PROMPT: Each line in the records below that has the word "tail" should be copied.

RECORDS PROVIDED:
lemma norm_eq_0_iff [rule_format]: "\<forall>x\<in>E. N x = 0 \<longleftrightarrow> (AE t in mu01. x t = 0)"
  using sym unfolding symmetric_space_def by (elim conjE) assumption

lemma complete [rule_format]:
  "\<forall>u. (\<forall>n. u n \<in> E) \<longrightarrow> (\<forall>e>0. \<exists>M. \<forall>m\<ge>M. \<forall>n\<ge>M. N (\<lambda>t. u m t - u n t) < e) \<longrightarrow>
     (\<exists>x\<in>E. (\<lambda>n. N (\<lambda>t. u n t - x t)) \<longlonglongrightarrow> 0)"
  using sym unfolding symmetric_space_def by (elim conjE) assumption

lemma ideal [rule_format]:
  "\<forall>x y. y \<in> E \<longrightarrow> x \<in> borel_measurable mu01 \<longrightarrow> (AE t in mu01. \<bar>x t\<bar> \<le> \<bar>y t\<bar>) \<longrightarrow>
     x \<in> E \<and> N x \<le> N y"
  using sym unfolding symmetric_space_def by (elim conjE) assumption

lemma rearrangement_invariant [rule_format]:
  "\<forall>x y. y \<in> E \<longrightarrow> x \<in> borel_measurable mu01 \<longrightarrow>
     (\<forall>\<tau>>0. measure mu01 {t\<in>{0..1}. \<bar>x t\<bar> > \<tau>} = measure mu01 {t\<in>{0..1}. \<bar>y t\<bar> > \<tau>}) \<longrightarrow>
     x \<in> E \<and> N x = N y"
  using sym unfolding symmetric_space_def by (elim conjE) assumption

lemma mem_measurable: "x \<in> E \<Longrightarrow> x \<in> borel_measurable mu01"
  using subset_measurable by blast

lemma norm_zero: "N (\<lambda>t. 0) = 0"
  using norm_scale[OF zero_mem, of 0] by simp

lemma diff_mem: "x \<in> E \<Longrightarrow> y \<in> E \<Longrightarrow> (\<lambda>t. x t - y t) \<in> E"
  using add_mem[OF _ scale_mem[of y "-1"]] by simp

lemma norm_nonneg:
  assumes "x \<in> E" shows "0 \<le> N x"
proof -
  have "0 = N (\<lambda>t. x t + (-1) * x t)" using norm_zero by simp
  also have "\<dots> \<le> N x + N (\<lambda>t. (-1) * x t)" using assms by (intro norm_add_le scale_mem)
  also have "\<dots> = 2 * N x" using norm_scale[OF assms, of "-1"] by simp
  finally show ?thesis by simp
qed

lemma norm_minus_commute:
  assumes "x \<in> E" and "y \<in> E" shows "N (\<lambda>t. x t - y t) = N (\<lambda>t. y t - x t)"
  using norm_scale[OF diff_mem[OF assms], of "-1"] by simp

lemma sum_mem_norm_le:
  "finite I \<Longrightarrow> (\<And>j. j \<in> I \<Longrightarrow> f j \<in> E) \<Longrightarrow>
    (\<lambda>t. \<Sum>j\<in>I. f j t) \<in> E \<and> N (\<lambda>t. \<Sum>j\<in>I. f j t) \<le> (\<Sum>j\<in>I. N (f j))"
proof (induction I rule: finite_induct)
  case empty
  then show ?case using zero_mem norm_zero by simp
next
  case (insert a I)
  then have "f a \<in> E" and "(\<lambda>t. \<Sum>j\<in>I. f j t) \<in> E" and "N (\<lambda>t. \<Sum>j\<in>I. f j t) \<le> (\<Sum>j\<in>I. N (f j))"
    by auto
  with insert.hyps show ?case
    using add_mem norm_add_le[of "f a" "\<lambda>t. \<Sum>j\<in>I. f j t"] by auto
qed

lemma null_mem:
  assumes "x \<in> borel_measurable mu01" and "AE t in mu01. x t = 0"
  shows "x \<in> E \<and> N x = 0"
proof -
  have "AE t in mu01. \<bar>x t\<bar> \<le> \<bar>(\<lambda>t. 0) t\<bar>" using assms(2) by eventually_elim simp
  then have "x \<in> E" using ideal[OF zero_mem assms(1)] by blast
  with assms(2) show ?thesis using norm_eq_0_iff by blast
qed

lemma summable_norms_converge:
  fixes f :: "nat \<Rightarrow> real \<Rightarrow> real"
  assumes f: "\<And>j. f j \<in> E" and bound: "\<And>n. (\<Sum>j<n. N (f j)) \<le> K"
  obtains y where "y \<in> E" and "(\<lambda>n. N (\<lambda>t. (\<Sum>j<n. f j t) - y t)) \<longlonglongrightarrow> 0"
proof -
  define S where "S n = (\<lambda>t. \<Sum>j<n. f j t)" for n
  have S: "S n \<in> E" for n unfolding S_def using sum_mem_norm_le f by blast
  have tail: "N (\<lambda>t. S m t - S n t) \<le> (\<Sum>j\<in>{n..<m}. N (f j))" if "n \<le> m" for m n
  proof -
    have "(\<lambda>t. S m t - S n t) = (\<lambda>t. \<Sum>j\<in>{n..<m}. f j t)"
      unfolding S_def using that by (simp add: sum_diff_nat_ivl flip: atLeast0LessThan)
    then show ?thesis using sum_mem_norm_le[of "{n..<m}" f] f by simp
  qed
  have "summable (\<lambda>j. N (f j))"
    using norm_nonneg[OF f] bound by (intro summableI_nonneg_bounded) auto
  then have "\<exists>M. \<forall>m\<ge>M. \<forall>n\<ge>M. N (\<lambda>t. S m t - S n t) < e" if "e > 0" for e
  proof -
    from \<open>summable _\<close> \<open>e > 0\<close> obtain M where M: "\<And>m n. M \<le> m \<Longrightarrow> \<bar>\<Sum>j = m..<n. N (f j)\<bar> < e"
      unfolding summable_Cauchy by (metis real_norm_def)
    have small: "N (\<lambda>t. S m t - S n t) < e" if "M \<le> n" "n \<le> m" for m n
      using tail[OF that(2)] M[OF that(1), of m] by simp
    show ?thesis
      by (metis small nle_le norm_minus_commute[OF S S])
  qed
  with complete[of S] S that show ?thesis unfolding S_def by blast
qed

lemma AE_incseq_le_limit:
  assumes S: "\<And>n. S n \<in> E" and y: "y \<in> E" and mono: "\<And>m n t. m \<le> n \<Longrightarrow> S m t \<le> S n t"
    and lim: "(\<lambda>n. N (\<lambda>t. S n t - y t)) \<longlonglongrightarrow> 0"
  shows "AE t in mu01. \<forall>n. S n t \<le> y t"
proof -
  have "AE t in mu01. S m t \<le> y t" for m
  proof -
    define z where "z t = max (S m t - y t) 0" for t
    have z: "z \<in> borel_measurable mu01"
      unfolding z_def using mem_measurable[OF S] mem_measurable[OF y] by measurable
    have zn: "z \<in> E \<and> N z \<le> N (\<lambda>t. S n t - y t)" if "m \<le> n" for n
    proof (intro ideal[OF diff_mem[OF S y] z] AE_I2)
      show "\<bar>z t\<bar> \<le> \<bar>S n t - y t\<bar>" for t using mono[OF that, of t] by (simp add: z_def)
    qed
    then have "N z \<le> 0" by (intro LIMSEQ_le_const[OF lim]) auto
    then have "AE t in mu01. z t = 0" using zn norm_nonneg norm_eq_0_iff by force
    then show ?thesis by eventually_elim (simp add: z_def)
  qed
  then show ?thesis by (simp add: AE_all_countable)
qed

lemma norm_le_of_tendsto:
  assumes S: "\<And>n. S n \<in> E" and y: "y \<in> E" and bound: "\<And>n. N (S n) \<le> K"
    and lim: "(\<lambda>n. N (\<lambda>t. S n t - y t)) \<longlonglongrightarrow> 0"
  shows "N y \<le> K"
proof (rule LIMSEQ_le_const)
  show "(\<lambda>n. K + N (\<lambda>t. S n t - y t)) \<longlonglongrightarrow> K" using tendsto_add[OF tendsto_const lim] by simp
  have "N y \<le> K + N (\<lambda>t. S n t - y t)" for n
  proof -
    have "N y \<le> N (S n) + N (\<lambda>t. y t - S n t)"
      using norm_add_le[OF S diff_mem[OF y S], of n n] by simp
    then show ?thesis using bound[of n] norm_minus_commute[OF S y, of n] by simp
  qed
  then show "\<exists>M. \<forall>n\<ge>M. N y \<le> K + N (\<lambda>t. S n t - y t)" by blast
qed

lemma majorant_series_bound:
  fixes f :: "nat \<Rightarrow> real \<Rightarrow> real"
  assumes f: "\<And>j. f j \<in> E" and f_nonneg: "\<And>j t. 0 \<le> f j t"
    and bound: "\<And>n. (\<Sum>j<n. N (f j)) \<le> K"
    and x: "x \<in> borel_measurable mu01"
    and majorant: "\<And>t. t \<in> {0..1} \<Longrightarrow> \<exists>n. \<bar>x t\<bar> \<le> (\<Sum>j<n. f j t)"
  shows "x \<in> E \<and> N x \<le> K"
proof -
  define S where "S n = (\<lambda>t. \<Sum>j<n. f j t)" for n
  obtain y where y: "y \<in> E" and lim: "(\<lambda>n. N (\<lambda>t. S n t - y t)) \<longlonglongrightarrow> 0"
    using summable_norms_converge[OF f bound] unfolding S_def by blast
  have S: "S n \<in> E" and NS: "N (S n) \<le> K" for n
    unfolding S_def using sum_mem_norm_le[of "{..<n}" f] f bound[of n] by auto
  have S_mono: "S m t \<le> S n t" if "m \<le> n" for m n t
    unfolding S_def using that f_nonneg by (intro sum_mono2) auto
  have "AE t in mu01. \<forall>n. S n t \<le> y t" by (rule AE_incseq_le_limit[OF S y S_mono lim])
  then have "AE t in mu01. \<bar>x t\<bar> \<le> \<bar>y t\<bar>"
    using AE_space
  proof eventually_elim
    case (elim t)
    then obtain n where "\<bar>x t\<bar> \<le> S n t" using majorant unfolding S_def by auto
    with elim show ?case by (smt (verit))
  qed
  then show ?thesis using ideal[OF y x] norm_le_of_tendsto[OF S y NS lim] by force
qed

lemma mem_closed_span:
  assumes "xs n \<in> E" shows "xs n \<in> closed_span E N xs"
proof -
  have "xs n = (\<lambda>t. \<Sum>i<Suc n. (if i = n then 1 else 0) * xs i t)"
    by (simp add: if_distrib)
  then have "xs n \<in> lin_combs xs" unfolding lin_combs_def by (intro CollectI exI conjI TrueI)
  then show ?thesis using assms norm_zero unfolding closed_span_def by force
qed

end

locale sym_space_fund = sym_space +
  fixes \<phi> :: "real \<Rightarrow> real"
  assumes fundamental: "has_fundamental_function E N \<phi>"
begin

lemma indicator_mem_norm:
  assumes A: "A \<in> sets mu01" and pos: "0 < measure mu01 A"
  shows "indicator A \<in> E \<and> N (indicator A) = \<phi> (measure mu01 A)"
proof -
  define a where "a = measure mu01 A"
  have a: "a \<in> {0<..1}" using pos measure_mu01_le_1[of A] unfolding a_def by auto
  then have interval: "indicator {0<..<a} \<in> E" "N (indicator {0<..<a}) = \<phi> a"
    using fundamental unfolding has_fundamental_function_def by auto
  have A_sub: "A \<subseteq> {0..1}" using sets.sets_into_space[OF A] by simp
  have measure_interval: "measure mu01 {0<..<a} = a"
    using a by (subst measure_restrict_space) auto
  have "measure mu01 {t\<in>{0..1}. \<bar>indicator A t\<bar> > \<tau>} =
        measure mu01 {t\<in>{0..1}. \<bar>indicator {0<..<a} t :: real\<bar> > \<tau>}" if "\<tau> > 0" for \<tau>
  proof (cases "\<tau> < 1")
    case True
    then have "{t\<in>{0..1}. \<bar>indicator A t :: real\<bar> > \<tau>} = A"
      and "{t\<in>{0..1}. \<bar>indicator {0<..<a} t :: real\<bar> > \<tau>} = {0<..<a}"
      using \<open>\<tau> > 0\<close> A_sub a by (auto simp: indicator_def)
    then show ?thesis using measure_interval a_def by simp
  next
    case False
    then have "{t\<in>{0..1}. \<bar>indicator A t :: real\<bar> > \<tau>} = {}"
      and "{t\<in>{0..1}. \<bar>indicator {0<..<a} t :: real\<bar> > \<tau>} = {}"
      by (auto simp: indicator_def)
    then show ?thesis by (simp only:)
  qed
  then show ?thesis
    using rearrangement_invariant[OF interval(1) borel_measurable_indicator[OF A]] interval(2)
    unfolding a_def by simp
qed

lemma scaled_indicator_null:
  assumes A: "A \<in> sets mu01" and null: "measure mu01 A = 0"
  shows "(\<lambda>t. c * indicator A t) \<in> E \<and> N (\<lambda>t. c * indicator A t) = 0"
proof (rule null_mem)
  show "(\<lambda>t. c * indicator A t) \<in> borel_measurable mu01" using A by measurable
  have "AE t in mu01. t \<notin> A"
    using A null by (intro AE_not_in)
      (simp add: null_sets_def finite_measure.emeasure_eq_measure[OF finite_measure_mu01])
  then show "AE t in mu01. c * indicator A t = 0" by eventually_elim simp
qed

lemma scaled_indicator:
  assumes "A \<in> sets mu01" and "0 < measure mu01 A"
  shows "(\<lambda>t. c * indicator A t) \<in> E \<and> N (\<lambda>t. c * indicator A t) = \<bar>c\<bar> * \<phi> (measure mu01 A)"
  using indicator_mem_norm[OF assms] scale_mem norm_scale by simp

TASK OUTPUT:
  have tail: "N (\<lambda>t. S m t - S n t) \<le> (\<Sum>j\<in>{n..<m}. N (f j))" if "n \<le> m" for m n
      using tail[OF that(2)] M[OF that(1), of m] by simp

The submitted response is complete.